lemma nn_integral_gamma_laplace_moment:
  assumes r: "0 < r" and s: "0 \<le> s"
  shows "(\<integral>\<^sup>+x. gamma_density r x * ennreal (x * exp (- (s * x))) \<partial>lborel)
       = ennreal (r * (1 + s) powr (- r - 1))"
proof -
  have "(\<integral>\<^sup>+x. gamma_density r x * ennreal (x * exp (- (s * x))) \<partial>lborel)
      = (\<integral>\<^sup>+x. ennreal (1 / Gamma r)
            * (ennreal (x powr ((r + 1) - 1) * exp (- ((1 + s) * x))) * indicator {0<..} x) \<partial>lborel)"
  proof (intro nn_integral_cong)
    fix x :: real
    have "0 < x \<Longrightarrow> x powr ((r + 1) - 1) = x powr (r - 1) * x"
      by (simp add: powr_diff)
    then show "gamma_density r x * ennreal (x * exp (- (s * x))) = ennreal (1 / Gamma r)
        * (ennreal (x powr ((r + 1) - 1) * exp (- ((1 + s) * x))) * indicator {0<..} x)"
      using r by (cases "0 < x")
        (auto simp: gamma_density_def ennreal_mult'[symmetric] Gamma_real_pos exp_add[symmetric]
          field_simps indicator_def)
  qed
  also have "\<dots> = ennreal (1 / Gamma r) * ennreal (Gamma (r + 1) * (1 + s) powr (- (r + 1)))"
    using r s nn_integral_Gamma_Ioi[of "r + 1" "1 + s"] by (subst nn_integral_cmult) auto
  also have "Gamma (r + 1) = r * Gamma r"
    using r by (subst Gamma_plus1) (auto simp: nonpos_Ints_def)
  also have "ennreal (1 / Gamma r) * ennreal (r * Gamma r * (1 + s) powr (- (r + 1)))
      = ennreal (r * (1 + s) powr (- r - 1))"
    using r Gamma_real_pos[OF r] by (simp add: ennreal_mult'[symmetric] less_imp_le less_imp_neq[symmetric])
  finally show ?thesis .
qed

lemma nn_integral_gamma_pair_sum_laplace:
  assumes r: "0 < r" and q: "0 < q" and a: "0 \<le> a" and b: "0 \<le> b"
  shows "(\<integral>\<^sup>+x. \<integral>\<^sup>+y. gamma_density r x * gamma_density q y * ennreal ((x + y) * exp (- (a * x + b * y)))
            \<partial>lborel \<partial>lborel)
       = ennreal (r * (1 + a) powr (- r - 1) * (1 + b) powr (- q)
            + (1 + a) powr (- r) * (q * (1 + b) powr (- q - 1)))"
proof -
  have split: "gamma_density r x * gamma_density q y * ennreal ((x + y) * exp (- (a * x + b * y)))
      = gamma_density r x * ennreal (x * exp (- (a * x))) * (gamma_density q y * ennreal (exp (- (b * y))))
      + gamma_density r x * ennreal (exp (- (a * x))) * (gamma_density q y * ennreal (y * exp (- (b * y))))"
    for x y
  proof (cases "0 < x \<and> 0 < y")
    case True
    have "(x + y) * exp (- (a * x + b * y))
        = x * exp (- (a * x)) * exp (- (b * y)) + exp (- (a * x)) * (y * exp (- (b * y)))"
      by (simp add: exp_diff exp_minus field_simps)
    then have "ennreal ((x + y) * exp (- (a * x + b * y)))
        = ennreal (x * exp (- (a * x))) * ennreal (exp (- (b * y)))
        + ennreal (exp (- (a * x))) * ennreal (y * exp (- (b * y)))"
      using True by (simp add: ennreal_plus ennreal_mult)
    then show ?thesis by (simp add: distrib_left mult_ac)
  qed (auto simp: gamma_density_def)
  have "(\<integral>\<^sup>+x. \<integral>\<^sup>+y. gamma_density r x * gamma_density q y * ennreal ((x + y) * exp (- (a * x + b * y)))
            \<partial>lborel \<partial>lborel)
      = (\<integral>\<^sup>+x. gamma_density r x * ennreal (x * exp (- (a * x))) * ennreal ((1 + b) powr (- q))
            + gamma_density r x * ennreal (exp (- (a * x))) * ennreal (q * (1 + b) powr (- q - 1)) \<partial>lborel)"
    unfolding split
    by (subst nn_integral_add nn_integral_cmult; measurable?)+
       (simp add: nn_integral_gamma_laplace[OF q b] nn_integral_gamma_laplace_moment[OF q b])
  also have "\<dots> = ennreal (r * (1 + a) powr (- r - 1)) * ennreal ((1 + b) powr (- q))
      + ennreal ((1 + a) powr (- r)) * ennreal (q * (1 + b) powr (- q - 1))"
    by (subst nn_integral_add nn_integral_multc; measurable?)+
       (simp add: nn_integral_gamma_laplace[OF r a] nn_integral_gamma_laplace_moment[OF r a])
  also have "\<dots> = ennreal (r * (1 + a) powr (- r - 1) * (1 + b) powr (- q)
            + (1 + a) powr (- r) * (q * (1 + b) powr (- q - 1)))"
    using r q by (simp add: ennreal_mult'[symmetric] ennreal_plus[symmetric] del: ennreal_plus)
  finally show ?thesis .
qed
(* Let $d_1,d_2\ge 2$ and let $\rho$ be a density matrix on $\mathbb{C}^{d_1}\otimes\mathbb{C}^{d_2}$. Let $\mathcal{P}=\{P_j\}_{j=1}^{d_1^2}$ be a general SIC-POVM on $\mathbb{C}^{d_1}$ with parameter $a_1$ and $\mathcal{Q}=\{Q_k\}_{k=1}^{d_2^2}$ a general SIC-POVM on $\mathbb{C}^{d_2}$ with parameter $a_2$. Let $d=\min\{d_1^2,d_2^2\}$ and define $$J(\rho)=\max_{\sigma,\tau}\sum_{j=1}^{d}\mathrm{Tr}\big[(P_{\sigma(j)}\otimes Q_{\tau(j)})\rho\big],$$ where the maximum runs over all injective maps $\sigma:\{1,\dots,d\}\to\{1,\dots,d_1^2\}$ and $\tau:\{1,\dots,d\}\to\{1,\dots,d_2^2\}$. If $\rho$ is separable, then $$J(\rho)\le \frac12\left[\frac{a_1d_1^2+1}{d_1(d_1+1)}+\frac{a_2d_2^2+1}{d_2(d_2+1)}\right].$$
   Context: A general SIC-POVM on $\mathbb{C}^{n}$ with parameter $a$ is a set of $n^2$ positive semidefinite operators $\{P_\alpha\}_{\alpha=1}^{n^2}$ on $\mathbb{C}^{n}$ such that $\sum_{\alpha=1}^{n^2}P_\alpha=I$, $\mathrm{Tr}(P_\alpha^2)=a$ for all $\alpha$, and $\mathrm{Tr}(P_\alpha P_\beta)=\frac{1-na}{n(n^2-1)}$ for all $\alpha\neq\beta$; here $\frac{1}{n^3}<a\le\frac{1}{n^2}$. A density matrix on $\mathbb{C}^{d_1}\otimes\mathbb{C}^{d_2}$ is separable if it is a convex combination of product states $\rho_A\otimes\rho_B$. *)

theory Defs
  imports "HOL-Analysis.Analysis"
begin

text \<open>Square complex matrices indexed by a finite type 'n (so they act on C^CARD('n)).\<close>

definition mtrace :: "complex^'n::finite^'n \<Rightarrow> complex" where
  "mtrace A = (\<Sum>i\<in>UNIV. A $ i $ i)"

definition adjoint :: "complex^'n^'n \<Rightarrow> complex^'n^'n" where
  "adjoint A = (\<chi> i j. cnj (A $ j $ i))"

definition hermitian :: "complex^'n^'n \<Rightarrow> bool" where
  "hermitian A \<longleftrightarrow> adjoint A = A"

definition psd :: "complex^'n::finite^'n \<Rightarrow> bool" where
  "psd A \<longleftrightarrow> hermitian A \<and>
     (\<forall>v :: complex^'n. 0 \<le> Re (\<Sum>i\<in>UNIV. cnj (v $ i) * (A *v v) $ i))"

definition density :: "complex^'n::finite^'n \<Rightarrow> bool" where
  "density A \<longleftrightarrow> psd A \<and> mtrace A = 1"

text \<open>Kronecker (tensor) product; C^d1 (x) C^d2 is indexed by pairs.\<close>
definition kron :: "complex^'a^'a \<Rightarrow> complex^'b^'b \<Rightarrow> complex^('a \<times> 'b)^('a \<times> 'b)" where
  "kron A B = (\<chi> r c. A $ fst r $ fst c * B $ snd r $ snd c)"

definition separable :: "complex^('a::finite \<times> 'b::finite)^('a \<times> 'b) \<Rightarrow> bool" where
  "separable \<rho> \<longleftrightarrow> (\<exists>(m::nat) (p::nat \<Rightarrow> real) (A :: nat \<Rightarrow> complex^'a^'a) (B :: nat \<Rightarrow> complex^'b^'b).
      (\<forall>i<m. 0 \<le> p i \<and> density (A i) \<and> density (B i)) \<and>
      (\<Sum>i<m. p i) = 1 \<and>
      \<rho> = (\<Sum>i<m. of_real (p i) *s kron (A i) (B i)))"

text \<open>General SIC-POVM on C^n, n = CARD('n), with parameter a; elements indexed by 0..<n^2.\<close>
definition general_sic_povm :: "(nat \<Rightarrow> complex^'n::finite^'n) \<Rightarrow> real \<Rightarrow> bool" where
  "general_sic_povm P a \<longleftrightarrow>
     (let n = CARD('n) in
       1 / real n ^ 3 < a \<and> a \<le> 1 / real n ^ 2 \<and>
       (\<forall>\<alpha><n^2. psd (P \<alpha>)) \<and>
       (\<Sum>\<alpha><n^2. P \<alpha>) = mat 1 \<and>
       (\<forall>\<alpha><n^2. mtrace (P \<alpha> ** P \<alpha>) = of_real a) \<and>
       (\<forall>\<alpha><n^2. \<forall>\<beta><n^2. \<alpha> \<noteq> \<beta> \<longrightarrow>
          mtrace (P \<alpha> ** P \<beta>) = of_real ((1 - real n * a) / (real n * (real n ^ 2 - 1)))))"

text \<open>J(rho): maximum over injective sigma: {0..<d} -> {0..<d1^2}, tau: {0..<d} -> {0..<d2^2},
  d = min d1^2 d2^2. The trace is real for psd arguments; we take its real part.\<close>
definition J_val :: "(nat \<Rightarrow> complex^'a::finite^'a) \<Rightarrow> (nat \<Rightarrow> complex^'b::finite^'b) \<Rightarrow> complex^('a \<times> 'b)^('a \<times> 'b) \<Rightarrow> real" where
  "J_val P Q \<rho> = (let d1 = CARD('a); d2 = CARD('b); d = min (d1^2) (d2^2) in
     Max {Re (\<Sum>j<d. mtrace (kron (P (\<sigma> j)) (Q (\<tau> j)) ** \<rho>)) | \<sigma> \<tau>.
            inj_on \<sigma> {..<d} \<and> \<sigma> ` {..<d} \<subseteq> {..<d1^2} \<and>
            inj_on \<tau> {..<d} \<and> \<tau> ` {..<d} \<subseteq> {..<d2^2}})"

end

theory Submission
  imports Defs
begin

text \<open>
  The SIC-POVM axioms fix the Gram matrix of the effects: Tr(P_\<alpha> P_\<beta>) = b + (a - b) \<delta>_\<alpha>\<beta>
  with b = (1 - n a) / (n (n^2 - 1)). For Hermitian A put c_\<alpha> = Tr(P_\<alpha> A) and M = \<Sum> c_\<alpha> P_\<alpha>;
  expanding Tr(X^2) \<ge> 0 for X = M - (a - b) A - n b Tr(A) I gives
  \<Sum> c_\<alpha>^2 \<le> (a - b) Tr(A^2) + n b Tr(A)^2, which for a state (Tr(A^2) \<le> 1) is at most
  (a n^2 + 1) / (n (n + 1)). For a product state A \<otimes> B each term of J factors as
  c_\<sigma>(j) d_\<tau>(j) \<le> (c_\<sigma>(j)^2 + d_\<tau>(j)^2) / 2, and the bound passes to convex combinations
  of product states.
\<close>

lemma sum_mult_if_eq:
  fixes c :: "'i \<Rightarrow> 'a::comm_ring_1"
  assumes "finite S" "j \<in> S"
  shows "(\<Sum>i\<in>S. c i * (if i = j then x else y)) = y * sum c S + (x - y) * c j"
proof -
  have "(\<Sum>i\<in>S. c i * (if i = j then x else y)) = (\<Sum>i\<in>S. y * c i + (if i = j then (x - y) * c j else 0))"
    by (intro sum.cong) (auto simp: algebra_simps)
  also have "\<dots> = y * sum c S + (x - y) * c j"
    using assms by (simp add: sum.distrib sum_distrib_left)
  finally show ?thesis .
qed

lemma sum_reindex_inj_le:
  fixes f :: "'a \<Rightarrow> 'b::ordered_comm_monoid_add"
  assumes "inj_on \<sigma> S" "\<sigma> ` S \<subseteq> T" "finite T" "\<And>x. x \<in> T \<Longrightarrow> 0 \<le> f x"
  shows "(\<Sum>j\<in>S. f (\<sigma> j)) \<le> sum f T"
proof -
  have "(\<Sum>j\<in>S. f (\<sigma> j)) = sum f (\<sigma> ` S)"
    using sum.reindex[OF assms(1), of f] by simp
  also have "\<dots> \<le> sum f T"
    using assms by (intro sum_mono2) auto
  finally show ?thesis .
qed

lemma nonneg_quadratic_imp_le:
  fixes p q w :: real
  assumes nonneg: "\<And>t. 0 \<le> p * t\<^sup>2 - 2 * t * w + q * w" and "0 \<le> p" "0 \<le> q" "0 \<le> w"
  shows "w \<le> p * q"
proof (cases "w = 0")
  case True
  then show ?thesis using assms by simp
next
  case False
  show ?thesis
  proof (cases "p = 0")
    case True
    have "0 \<le> p * ((q*w+1)/(2*w))\<^sup>2 - 2 * ((q*w+1)/(2*w)) * w + q * w" by (rule nonneg)
    also have "\<dots> = -1" using True False by (simp add: field_simps)
    finally show ?thesis by simp
  next
    case False
    then have p: "p > 0" using assms by simp
    have "0 \<le> p * (w/p)\<^sup>2 - 2 * (w/p) * w + q * w" by (rule nonneg)
    also have "\<dots> = w * (p*q - w) / p" using p by (simp add: field_simps power2_eq_square)
    finally have "0 \<le> w * (p*q - w)" using p by (simp add: zero_le_divide_iff)
    then show ?thesis using \<open>w \<noteq> 0\<close> \<open>0 \<le> w\<close> by (simp add: zero_le_mult_iff)
  qed
qed

lemma real_square_minus_1_pos:
  assumes "n \<ge> 2"
  shows "real n ^ 2 - 1 > 0"
proof -
  have "(2::real) ^ 2 \<le> real n ^ 2" using assms by (intro power_mono) auto
  then show ?thesis by simp
qed

section \<open>Traces and Hermitian matrices\<close>

lemma of_real_vec_nth: "(of_real r :: 'a::real_algebra_1^'n) $ i = of_real r"
  by (simp add: of_real_def)

lemma mtrace_mult: "mtrace (X ** Y) = (\<Sum>i\<in>UNIV. \<Sum>k\<in>UNIV. X$i$k * Y$k$i)"
  by (simp add: mtrace_def matrix_matrix_mult_def)

lemma mtrace_mult_commute: "mtrace (X ** Y) = mtrace (Y ** X)"
  unfolding mtrace_mult by (subst sum.swap) (simp add: mult.commute)

lemma mtrace_add_mult: "mtrace ((X + Y) ** Z) = mtrace (X ** Z) + mtrace (Y ** Z)"
  by (simp add: mtrace_mult algebra_simps sum.distrib)

lemma mtrace_diff_mult: "mtrace ((X - Y) ** Z) = mtrace (X ** Z) - mtrace (Y ** Z)"
  by (simp add: mtrace_mult algebra_simps sum_subtractf)

lemma mtrace_of_real_smult_mult: "mtrace ((of_real r *s X) ** Z) = of_real r * mtrace (X ** Z)"
  by (simp add: mtrace_mult sum_distrib_left mult.assoc of_real_vec_nth)

lemma mtrace_sum_mult: "mtrace (sum f S ** Z) = (\<Sum>i\<in>S. mtrace (f i ** Z))"
  by (induct S rule: infinite_finite_induct) (simp_all add: mtrace_add_mult mtrace_def[of 0])

lemma mtrace_mult_diff: "mtrace (Z ** (X - Y)) = mtrace (Z ** X) - mtrace (Z ** Y)"
  by (simp add: mtrace_mult_commute[of Z] mtrace_diff_mult)

lemma mtrace_mult_of_real_smult: "mtrace (Z ** (of_real r *s X)) = of_real r * mtrace (Z ** X)"
  by (simp add: mtrace_mult_commute[of Z] mtrace_of_real_smult_mult)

------------------------------------------------------------------------

WHAT IS REQUIRED:
All lines from the opening of the material through the line that contains "using r by (subst" are to be printed exactly, with no others.

SOLUTION BELOW:
lemma nn_integral_gamma_laplace_moment:
  assumes r: "0 < r" and s: "0 \<le> s"
  shows "(\<integral>\<^sup>+x. gamma_density r x * ennreal (x * exp (- (s * x))) \<partial>lborel)
       = ennreal (r * (1 + s) powr (- r - 1))"
proof -
  have "(\<integral>\<^sup>+x. gamma_density r x * ennreal (x * exp (- (s * x))) \<partial>lborel)
      = (\<integral>\<^sup>+x. ennreal (1 / Gamma r)
            * (ennreal (x powr ((r + 1) - 1) * exp (- ((1 + s) * x))) * indicator {0<..} x) \<partial>lborel)"
  proof (intro nn_integral_cong)
    fix x :: real
    have "0 < x \<Longrightarrow> x powr ((r + 1) - 1) = x powr (r - 1) * x"
      by (simp add: powr_diff)
    then show "gamma_density r x * ennreal (x * exp (- (s * x))) = ennreal (1 / Gamma r)
        * (ennreal (x powr ((r + 1) - 1) * exp (- ((1 + s) * x))) * indicator {0<..} x)"
      using r by (cases "0 < x")
        (auto simp: gamma_density_def ennreal_mult'[symmetric] Gamma_real_pos exp_add[symmetric]
          field_simps indicator_def)
  qed
  also have "\<dots> = ennreal (1 / Gamma r) * ennreal (Gamma (r + 1) * (1 + s) powr (- (r + 1)))"
    using r s nn_integral_Gamma_Ioi[of "r + 1" "1 + s"] by (subst nn_integral_cmult) auto
  also have "Gamma (r + 1) = r * Gamma r"
    using r by (subst Gamma_plus1) (auto simp: nonpos_Ints_def)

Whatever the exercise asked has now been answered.